Sandra shrugged, smiling wistfully. “Silly stuff. He rambled on for so long. It was nice to hear his voice.”

“Ninety seconds, Miss Brahms-Walton.” The tech, adjusting the controls of one of the bigger cameras, called out.

Brahms-Walton put her hands on Sandra’s shoulders. “Stay and watch the show. After, let’s have drink and catch up, and talk about bringing you on for the next show, okay?”

“Really?” Sandra bounced on the balls of her feet as much as her ridiculous platform heels would allow.

Delilah Brahms-Walton smiled reassuringly, but there was steel behind that smile. Sandra, still fairly certain her cover was intact, nevertheless shivered at the idea of pretending to be duped. “Anyone so special to Conrad is a friend of mine.”

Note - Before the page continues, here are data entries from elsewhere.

lemma usc_on_add:
  assumes f: "usc_on S f" and g: "usc_on S g"
  shows "usc_on S (\<lambda>x. f x + g x)"
  unfolding usc_on_def
proof
  fix t
  have "{x \<in> S. f x + g x < t} = (\<Union>r. {x \<in> S. f x < r} \<inter> {x \<in> S. g x < t - r})"
  proof (intro set_eqI iffI)
    fix x assume "x \<in> {x \<in> S. f x + g x < t}"
    then have "x \<in> S" "f x < (f x + (t - g x)) / 2" "g x < t - (f x + (t - g x)) / 2"
      by (auto simp: field_simps)
    then show "x \<in> (\<Union>r. {x \<in> S. f x < r} \<inter> {x \<in> S. g x < t - r})" by blast
  qed auto
  then show "openin (top_of_set S) {x \<in> S. f x + g x < t}"
    using f g unfolding usc_on_def by (auto intro!: openin_Union)
qed

lemma usc_on_sum:
  assumes "finite I" "\<And>i. i \<in> I \<Longrightarrow> usc_on S (f i)"
  shows "usc_on S (\<lambda>x. \<Sum>i\<in>I. f i x)"
  using assms by (induction I rule: finite_induct) (simp_all add: usc_on_const usc_on_add)

lemma usc_on_compose:
  assumes f: "usc_on T f" and h: "continuous_on S h" and "h ` S \<subseteq> T"
  shows "usc_on S (\<lambda>x. f (h x))"
  unfolding usc_on_def
proof
  fix t
  obtain U where "open U" and U: "{y \<in> T. f y < t} = T \<inter> U"
    using f unfolding usc_on_def openin_open by blast
  with \<open>h ` S \<subseteq> T\<close> have "{x \<in> S. f (h x) < t} = S \<inter> h -` U"
    by blast
  then show "openin (top_of_set S) {x \<in> S. f (h x) < t}"
    using continuous_openin_preimage_gen[OF h \<open>open U\<close>] by simp
qed

lemma usc_on_compact_attains_max:
  fixes K :: "'a::t2_space set"
  assumes "compact K" "K \<noteq> {}" "usc_on K f"
  shows "\<exists>z\<in>K. \<forall>y\<in>K. f y \<le> f z"
proof -
  define above where "above y = {z \<in> K. f y \<le> f z}" for y
  have "closed (above y)" for y
  proof -
    have "closedin (top_of_set K) (K - {z \<in> K. f z < f y})"
      using \<open>usc_on K f\<close> unfolding usc_on_def by (intro closedin_diff) auto
    moreover have "K - {z \<in> K. f z < f y} = above y"
      by (auto simp: above_def)
    ultimately show ?thesis
      using closedin_closed_trans compact_imp_closed \<open>compact K\<close> by metis
  qed
  moreover have "K \<inter> (\<Inter>y\<in>I. above y) \<noteq> {}" if "finite I" "I \<subseteq> K" for I
  proof (cases "I = {}")
    case True
    then show ?thesis using \<open>K \<noteq> {}\<close> by simp
  next
    case False
    obtain m where "m \<in> I" "Max (f ` I) = f m"
      using obtains_MAX[OF \<open>finite I\<close> False] by metis
    then have "m \<in> K \<inter> (\<Inter>y\<in>I. above y)"
      using \<open>finite I\<close> \<open>I \<subseteq> K\<close> Max_ge[of "f ` I"] by (auto simp: above_def)
    then show ?thesis by blast
  qed
  ultimately have "K \<inter> (\<Inter>y\<in>K. above y) \<noteq> {}"
    by (rule compact_imp_fip_image[OF \<open>compact K\<close>])
  then show ?thesis by (auto simp: above_def)
qed
(* Let $\pi_1,\dots,\pi_n>0$ with $\sum_i\pi_i=1$ and $\pi_*=\min_i\pi_i$. For every $\epsilon\in(0,1)$ there exist $m\in\mathbb{N}$ and a univariate polynomial $p\in\mathbb{R}[t]$ such that (i) $p(t)\ge 2t^2\,\overline{r_m}(t)$ for all $t\in[0,\pi_*^{-1/2}]$, and (ii) $\sum_{i=1}^n\pi_i\,p(x_i)\le(1+\epsilon)\,\mathrm{Ent}_\pi[x^2]$ for all $x\in S^\pi$.
   Context: $\|x\|_\pi^2=\sum_i\pi_ix_i^2$, $\mathrm{Ent}_\pi[x^2]=\sum_i\pi_ix_i^2\log(x_i^2/\|x\|_\pi^2)$, and $S^\pi=\{x\in\mathbb{R}^n_{\ge0}:\|x\|_\pi^2=1\}$. For $m\ge0$, $\overline{r_m}(t)$ is the $(m+1,m)$ Padé approximant of $\log t$ at $t=1$: the rational function $R/S$ with $\deg R\le m+1$, $\deg S\le m$, $S(1)=1$ and $\log t-R(t)/S(t)=O((t-1)^{2m+2})$ as $t\to 1$. (Its denominator is positive on $(0,\infty)$ and $\overline{r_m}(t)\ge\log t$ for $t>0$.) *)

theory Defs
  imports "HOL-Analysis.Analysis" "HOL-Computational_Algebra.Polynomial" "HOL-Library.Landau_Symbols"
begin

text \<open>It is R/S with deg R \<le> m+1, deg S \<le> m, S(1) = 1,
  and ln t - R t / S t = O((t-1)^(2m+2)) as t \<rightarrow> 1.  The denominator is
  nonzero on (0,\<infinity>), which makes the function uniquely determined there.\<close>
definition pade_log :: "nat \<Rightarrow> real \<Rightarrow> real" where
  "pade_log m = (THE f. \<exists>R S :: real poly.
      degree R \<le> m + 1 \<and> degree S \<le> m \<and> poly S 1 = 1 \<and>
      (\<forall>t>0. poly S t \<noteq> 0) \<and>
      (\<lambda>t. ln t - poly R t / poly S t) \<in> O[at 1](\<lambda>t. (t - 1) ^ (2 * m + 2)) \<and>
      f = (\<lambda>t. if t > 0 then poly R t / poly S t else 0))"

definition pi_norm2 :: "nat \<Rightarrow> (nat \<Rightarrow> real) \<Rightarrow> (nat \<Rightarrow> real) \<Rightarrow> real" where
  "pi_norm2 n \<pi> x = (\<Sum>i<n. \<pi> i * (x i)\<^sup>2)"

definition ent_sq :: "nat \<Rightarrow> (nat \<Rightarrow> real) \<Rightarrow> (nat \<Rightarrow> real) \<Rightarrow> real" where
  "ent_sq n \<pi> x = (\<Sum>i<n. \<pi> i * (x i)\<^sup>2 * ln ((x i)\<^sup>2 / pi_norm2 n \<pi> x))"

definition pi_sphere :: "nat \<Rightarrow> (nat \<Rightarrow> real) \<Rightarrow> (nat \<Rightarrow> real) set" where
  "pi_sphere n \<pi> = {x. (\<forall>i<n. x i \<ge> 0) \<and> pi_norm2 n \<pi> x = 1}"

end

theory Submission
  imports Defs
begin

text \<open>
  The (m+1,m) Pade approximant of the logarithm at 1 is explicit: its denominator is
  S(t) = sum_l C(m,l) C(m+1,l) t^l and its numerator R is the Taylor polynomial of degree
  m+1 of S(t) ln t at 1, because the (m+2)-nd derivative of S(t) ln t is the single term
  -(m+1)! (t-1)^m / t^(m+2). Cauchy's form of the Taylor remainder then bounds
  |S(t) ln t - R(t)| by (sqrt t - 1)^(2m) |t - \<xi>| |t - 1| / \<xi>^2, which gives
  t^2 (R/S - ln t) \<le> (M^2/m) (t-1)^2 on (0,M] for M = 1 / sqrt (min \<pi>).

  Next, ln t is majorised on (0,M] by a polynomial T with 2 t^2 (T - ln t) \<le> (64 M^4/j) (t-1)^2:
  write ln t = ln M + ln (1 - v) with v = 1 - t/M, expand -ln (1 - v) to order 2j+1 and
  replace the remainder by its tangent at the point v corresponding to t = 1.

  For m and j large, p(t) = 2 t^2 T(t) + (\<epsilon>/2)(t-1)^2 lies above 2 t^2 R/S, and below
  (1+\<epsilon>) t^2 ln t^2 + \<epsilon> (1 - t^2) because (t-1)^2 \<le> t^2 ln t^2 + 1 - t^2. Every coordinate of
  a point of the \<pi>-sphere is at most M, and summing the second bound against \<pi> gives
  (1+\<epsilon>) Ent.
\<close>

section \<open>Taylor expansion with Cauchy remainder\<close>

lemma has_real_derivative_taylor_sum:
  fixes D :: "nat \<Rightarrow> real \<Rightarrow> real"
  assumes "\<And>k. k \<le> n \<Longrightarrow> (D k has_real_derivative D (Suc k) s) (at s)"
  shows "((\<lambda>y. \<Sum>k\<le>n. D k y * (t - y)^k / fact k) has_real_derivative
            D (Suc n) s * (t - s)^n / fact n) (at s)"
  using assms
proof (induction n)
  case 0
  then show ?case by simp
next
  case (Suc n)
  have IH: "((\<lambda>y. \<Sum>k\<le>n. D k y * (t - y)^k / fact k) has_real_derivative
            D (Suc n) s * (t - s)^n / fact n) (at s)"
    using Suc by simp
  have d: "(D (Suc n) has_real_derivative D (Suc (Suc n)) s) (at s)"
    using Suc.prems by simp
  have "((\<lambda>y. D (Suc n) y * (t - y)^(Suc n) / fact (Suc n)) has_real_derivative
      (D (Suc (Suc n)) s * (t - s)^(Suc n) - D (Suc n) s * (real (Suc n) * (t - s)^n))
        / fact (Suc n)) (at s)"
  proof -
    have "((\<lambda>y. (t - y)^(Suc n)) has_real_derivative (1 + real n) * (-1 * (t - s)^n)) (at s)"
      by (rule DERIV_power_Suc) (auto intro!: derivative_eq_intros)
    from DERIV_cdivide[OF DERIV_mult[OF d this], of "fact (Suc n)"] show ?thesis
      by (simp add: algebra_simps del: fact_Suc)
  qed
  from DERIV_add[OF IH this]
  have "((\<lambda>y. \<Sum>k\<le>Suc n. D k y * (t - y)^k / fact k) has_real_derivative
      D (Suc n) s * (t - s)^n / fact n +
        (D (Suc (Suc n)) s * (t - s)^(Suc n) - D (Suc n) s * (real (Suc n) * (t - s)^n))
          / fact (Suc n)) (at s)"
    by simp
  moreover have "D (Suc n) s * (t - s)^n / fact n +
        (D (Suc (Suc n)) s * (t - s)^(Suc n) - D (Suc n) s * (real (Suc n) * (t - s)^n))
          / fact (Suc n) = D (Suc (Suc n)) s * (t - s)^(Suc n) / fact (Suc n)"
    by (simp add: field_simps del: fact_Suc) (simp add: algebra_simps)
  ultimately show ?case by simp
qed

text \<open>Unlike the Lagrange form, this remainder yields bounds for the Pade approximant
  that stay uniform as t tends to 0 (see between_gap_product_le).\<close>

theorem Taylor_Cauchy_remainder:
  fixes D :: "nat \<Rightarrow> real \<Rightarrow> real"
  assumes der: "\<And>k x. k \<le> n \<Longrightarrow> min c t \<le> x \<Longrightarrow> x \<le> max c t \<Longrightarrow>
                    (D k has_real_derivative D (Suc k) x) (at x)"
    and "c \<noteq> t"
  shows "\<exists>\<xi>. min c t < \<xi> \<and> \<xi> < max c t \<and>
     D 0 t = (\<Sum>k\<le>n. D k c * (t - c)^k / fact k) + D (Suc n) \<xi> * (t - \<xi>)^n * (t - c) / fact n"
proof -
  define g where "g = (\<lambda>y. \<Sum>k\<le>n. D k y * (t - y)^k / fact k)"
  have g': "(g has_real_derivative D (Suc n) x * (t - x)^n / fact n) (at x)"
    if "min c t \<le> x" "x \<le> max c t" for x
    unfolding g_def by (rule has_real_derivative_taylor_sum) (use der that in auto)
  have "\<exists>\<xi>. min c t < \<xi> \<and> \<xi> < max c t \<and>
      g (max c t) - g (min c t) = (max c t - min c t) * (D (Suc n) \<xi> * (t - \<xi>)^n / fact n)"
    by (rule MVT2) (use \<open>c \<noteq> t\<close> g' in auto)
  then obtain \<xi> where \<xi>: "min c t < \<xi>" "\<xi> < max c t"
    and mvt: "g (max c t) - g (min c t) = (max c t - min c t) * (D (Suc n) \<xi> * (t - \<xi>)^n / fact n)"
    by blast
  define K where "K = D (Suc n) \<xi> * (t - \<xi>)^n / fact n"
  have "g t - g c = (t - c) * K"
    using mvt unfolding K_def[symmetric]
    by (cases "c < t") (auto simp: min_def max_def algebra_simps split: if_splits)
  moreover have "g t = D 0 t"
    unfolding g_def by (simp add: zero_power)
  ultimately show ?thesis
    using \<xi> unfolding g_def K_def by (auto simp: algebra_simps)
qed

section \<open>An explicit Pade approximant of the logarithm\<close>

definition pow_ln_deriv :: "nat \<Rightarrow> nat \<Rightarrow> real \<Rightarrow> real" where
  "pow_ln_deriv l k x =
     (if k \<le> l then fact l / fact (l - k) * x^(l - k) * (ln x + harm l - harm (l - k))
      else (-1)^(k - l - 1) * fact l * fact (k - l - 1) / x^(k - l))"

lemma pow_ln_deriv_0: "pow_ln_deriv l 0 x = x^l * ln x"
  by (simp add: pow_ln_deriv_def)

lemma has_real_derivative_pow_ln_deriv_less:
  assumes "x > 0" "k < l"
  shows "(pow_ln_deriv l k has_real_derivative pow_ln_deriv l (Suc k) x) (at x)"
proof -
  obtain j where j: "l - k = Suc j"
    using assms(2) by (metis Suc_diff_Suc)
  define C where "C = (fact l / fact (Suc j) :: real)"
  have eq: "pow_ln_deriv l k = (\<lambda>y. C * y^(Suc j) * (ln y + harm l - harm (Suc j)))"
    using assms(2) j by (auto simp: pow_ln_deriv_def C_def)
  have "(pow_ln_deriv l k has_real_derivative
      C * (real (Suc j) * x^j) * (ln x + harm l - harm (Suc j)) + C * x^(Suc j) * (1 / x)) (at x)"
  proof -
    have "((\<lambda>y. y^(Suc j)) has_real_derivative real (Suc j) * x^j) (at x)"
      using DERIV_pow[of "Suc j" x] by simp
    then show ?thesis
      unfolding eq using assms(1) by (auto intro!: derivative_eq_intros simp del: power_Suc of_nat_Suc)
  qed
  moreover have "C * (real (Suc j) * x^j) * (ln x + harm l - harm (Suc j)) + C * x^(Suc j) * (1 / x)
      = fact l / fact j * x^j * (ln x + harm l - harm j)"
  proof -
    define F where "F = (fact l / fact j :: real)"
    define A where "A = ln x + harm l - harm j"
    have e1: "C * (real (Suc j) * x^j) * (ln x + harm l - harm (Suc j))
        = (C * real (Suc j)) * x^j * (A - 1 / real (Suc j))"
      unfolding A_def harm_Suc by (simp add: algebra_simps inverse_eq_divide)
    have e2: "C * real (Suc j) = F" and e3: "C * x^(Suc j) * (1 / x) = F * x^j / real (Suc j)"
      using assms(1) by (simp_all add: C_def F_def)
    have "C * (real (Suc j) * x^j) * (ln x + harm l - harm (Suc j)) + C * x^(Suc j) * (1 / x)
        = F * x^j * (A - 1 / real (Suc j)) + F * x^j / real (Suc j)"
      by (simp only: e1 e2 e3)
    also have "\<dots> = F * x^j * A"
      by (simp add: right_diff_distrib)
    finally show ?thesis unfolding F_def A_def .
  qed
  moreover have "pow_ln_deriv l (Suc k) x = fact l / fact j * x^j * (ln x + harm l - harm j)"
    using assms(2) j by (simp add: pow_ln_deriv_def flip: Suc_diff_Suc)
  ultimately show ?thesis by simp
qed

lemma has_real_derivative_pow_ln_deriv:
  assumes "x > 0"
  shows "(pow_ln_deriv l k has_real_derivative pow_ln_deriv l (Suc k) x) (at x)"
proof (cases "k < l")
  case True
  then show ?thesis
    using has_real_derivative_pow_ln_deriv_less assms by blast
next
  case False
  show ?thesis
  proof (cases "k = l")
    case True
    have "pow_ln_deriv l k = (\<lambda>y. fact l * (ln y + harm l))"
      using True by (auto simp: pow_ln_deriv_def harm_def)
    moreover have "pow_ln_deriv l (Suc k) x = fact l * (1 / x)"
      using True by (simp add: pow_ln_deriv_def)
    moreover have "((\<lambda>y. fact l * (ln y + harm l)) has_real_derivative fact l * (1 / x)) (at x)"
      using assms by (auto intro!: derivative_eq_intros)
    ultimately show ?thesis by simp
  next
    case greater: False
    define j where "j = k - l - 1"
    have j: "k - l = Suc j"
      using False greater unfolding j_def by simp
    then have "\<not> Suc k \<le> l" by simp
    define C where "C = ((-1)^j * fact l * fact j :: real)"
    have "pow_ln_deriv l k = (\<lambda>y. C / y^(Suc j))"
      using False greater j by (auto simp: pow_ln_deriv_def C_def j_def)
    moreover have "pow_ln_deriv l (Suc k) x = - C * real (Suc j) / x^(Suc (Suc j))"
      using j \<open>\<not> Suc k \<le> l\<close> by (simp add: pow_ln_deriv_def C_def Suc_diff_le)
    moreover have "((\<lambda>y. C / y^(Suc j)) has_real_derivative - C * real (Suc j) / x^(Suc (Suc j))) (at x)"
      using assms by (auto intro!: derivative_eq_intros simp: field_simps) (cases j; simp)
    ultimately show ?thesis by simp
  qed
qed

definition pade_den :: "nat \<Rightarrow> real poly" where
  "pade_den m = (\<Sum>l\<le>m. monom (real (m choose l) * real (Suc m choose l)) l)"

definition den_ln_deriv :: "nat \<Rightarrow> nat \<Rightarrow> real \<Rightarrow> real" where
  "den_ln_deriv m k x = (\<Sum>l\<le>m. real (m choose l) * real (Suc m choose l) * pow_ln_deriv l k x)"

Before our words once again grace this feed, the Emmanuel Feast (Christmas for Roman Catholics) will have passed. From all of us here at Maribel, both within this embed team and in service to the Navy which guards this world, we pray that this occasion is a time of joy for all of you back home. For the two thousand nine hundred fiftieth year, and for the third time of this war, we celebrate the birth of the Prince of Peace, though peace yet remains a rare commodity.